* _Source material_:
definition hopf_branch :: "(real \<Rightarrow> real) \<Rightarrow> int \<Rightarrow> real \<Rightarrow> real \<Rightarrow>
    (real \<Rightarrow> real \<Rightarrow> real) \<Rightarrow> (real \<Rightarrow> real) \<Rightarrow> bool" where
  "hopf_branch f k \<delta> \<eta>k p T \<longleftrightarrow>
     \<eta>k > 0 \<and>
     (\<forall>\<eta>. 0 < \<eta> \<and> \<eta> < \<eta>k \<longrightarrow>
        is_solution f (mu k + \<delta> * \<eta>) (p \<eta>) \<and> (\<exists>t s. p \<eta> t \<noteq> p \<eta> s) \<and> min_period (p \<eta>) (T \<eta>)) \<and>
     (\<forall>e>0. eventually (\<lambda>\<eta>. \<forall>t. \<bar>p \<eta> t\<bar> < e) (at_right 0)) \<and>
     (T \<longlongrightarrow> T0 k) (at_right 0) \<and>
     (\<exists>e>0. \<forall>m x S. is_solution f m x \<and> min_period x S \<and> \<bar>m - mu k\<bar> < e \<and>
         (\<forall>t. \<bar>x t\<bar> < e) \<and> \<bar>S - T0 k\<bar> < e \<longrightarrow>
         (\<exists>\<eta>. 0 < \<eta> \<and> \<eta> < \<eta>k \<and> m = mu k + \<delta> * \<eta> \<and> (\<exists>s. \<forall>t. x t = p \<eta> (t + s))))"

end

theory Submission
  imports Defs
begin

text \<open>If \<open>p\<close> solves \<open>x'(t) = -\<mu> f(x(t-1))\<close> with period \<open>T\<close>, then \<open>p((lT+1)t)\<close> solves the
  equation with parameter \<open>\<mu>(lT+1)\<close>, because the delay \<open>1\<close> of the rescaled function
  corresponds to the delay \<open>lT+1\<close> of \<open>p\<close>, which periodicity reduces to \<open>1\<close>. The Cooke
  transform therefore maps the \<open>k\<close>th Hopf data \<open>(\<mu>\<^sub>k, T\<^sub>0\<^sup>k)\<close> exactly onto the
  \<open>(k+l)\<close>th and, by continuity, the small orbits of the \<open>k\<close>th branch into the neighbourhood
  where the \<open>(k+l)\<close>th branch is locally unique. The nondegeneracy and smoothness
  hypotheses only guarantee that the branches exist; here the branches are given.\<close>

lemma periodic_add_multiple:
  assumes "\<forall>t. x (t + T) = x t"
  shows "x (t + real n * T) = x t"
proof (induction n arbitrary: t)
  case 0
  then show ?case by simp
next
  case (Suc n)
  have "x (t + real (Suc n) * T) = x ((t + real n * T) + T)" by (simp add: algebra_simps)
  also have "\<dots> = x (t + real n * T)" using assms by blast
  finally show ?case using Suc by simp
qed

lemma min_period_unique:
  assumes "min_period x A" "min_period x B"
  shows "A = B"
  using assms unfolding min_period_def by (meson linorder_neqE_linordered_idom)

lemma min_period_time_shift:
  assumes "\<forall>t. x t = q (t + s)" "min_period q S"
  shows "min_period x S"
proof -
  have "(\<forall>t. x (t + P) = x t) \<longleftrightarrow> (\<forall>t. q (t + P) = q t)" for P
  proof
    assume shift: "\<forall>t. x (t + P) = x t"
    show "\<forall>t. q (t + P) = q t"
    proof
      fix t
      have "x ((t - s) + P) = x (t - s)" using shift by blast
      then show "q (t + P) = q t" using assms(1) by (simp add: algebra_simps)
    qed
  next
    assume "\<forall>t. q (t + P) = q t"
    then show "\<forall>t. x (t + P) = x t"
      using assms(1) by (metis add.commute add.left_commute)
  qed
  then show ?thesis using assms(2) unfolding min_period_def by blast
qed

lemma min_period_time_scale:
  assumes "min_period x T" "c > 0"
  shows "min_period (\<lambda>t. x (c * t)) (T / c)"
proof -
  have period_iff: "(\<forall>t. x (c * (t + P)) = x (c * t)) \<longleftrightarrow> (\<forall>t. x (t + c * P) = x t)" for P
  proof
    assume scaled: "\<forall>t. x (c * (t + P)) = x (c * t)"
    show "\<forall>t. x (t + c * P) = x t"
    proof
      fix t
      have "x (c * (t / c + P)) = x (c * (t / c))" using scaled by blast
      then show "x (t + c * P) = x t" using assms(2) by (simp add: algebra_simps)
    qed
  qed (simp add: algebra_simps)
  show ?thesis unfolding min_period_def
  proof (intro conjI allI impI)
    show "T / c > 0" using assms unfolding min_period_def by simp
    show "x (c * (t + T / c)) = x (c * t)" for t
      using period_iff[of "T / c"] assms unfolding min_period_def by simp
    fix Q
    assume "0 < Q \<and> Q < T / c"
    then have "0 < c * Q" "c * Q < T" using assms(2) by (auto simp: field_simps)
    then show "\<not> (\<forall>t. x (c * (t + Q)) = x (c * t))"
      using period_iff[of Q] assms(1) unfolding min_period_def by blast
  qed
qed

* _Assignment_: Copy whichever lines of the records above contain the word "have".

* _Solution to the exercise_:
  have "x (t + real (Suc n) * T) = x ((t + real n * T) + T)" by (simp add: algebra_simps)
  also have "\<dots> = x (t + real n * T)" using assms by blast
  have "(\<forall>t. x (t + P) = x t) \<longleftrightarrow> (\<forall>t. q (t + P) = q t)" for P
      have "x ((t - s) + P) = x (t - s)" using shift by blast
  have period_iff: "(\<forall>t. x (c * (t + P)) = x (c * t)) \<longleftrightarrow> (\<forall>t. x (t + c * P) = x t)" for P
      have "x (c * (t / c + P)) = x (c * (t / c))" using scaled by blast
    then have "0 < c * Q" "c * Q < T" using assms(2) by (auto simp: field_simps)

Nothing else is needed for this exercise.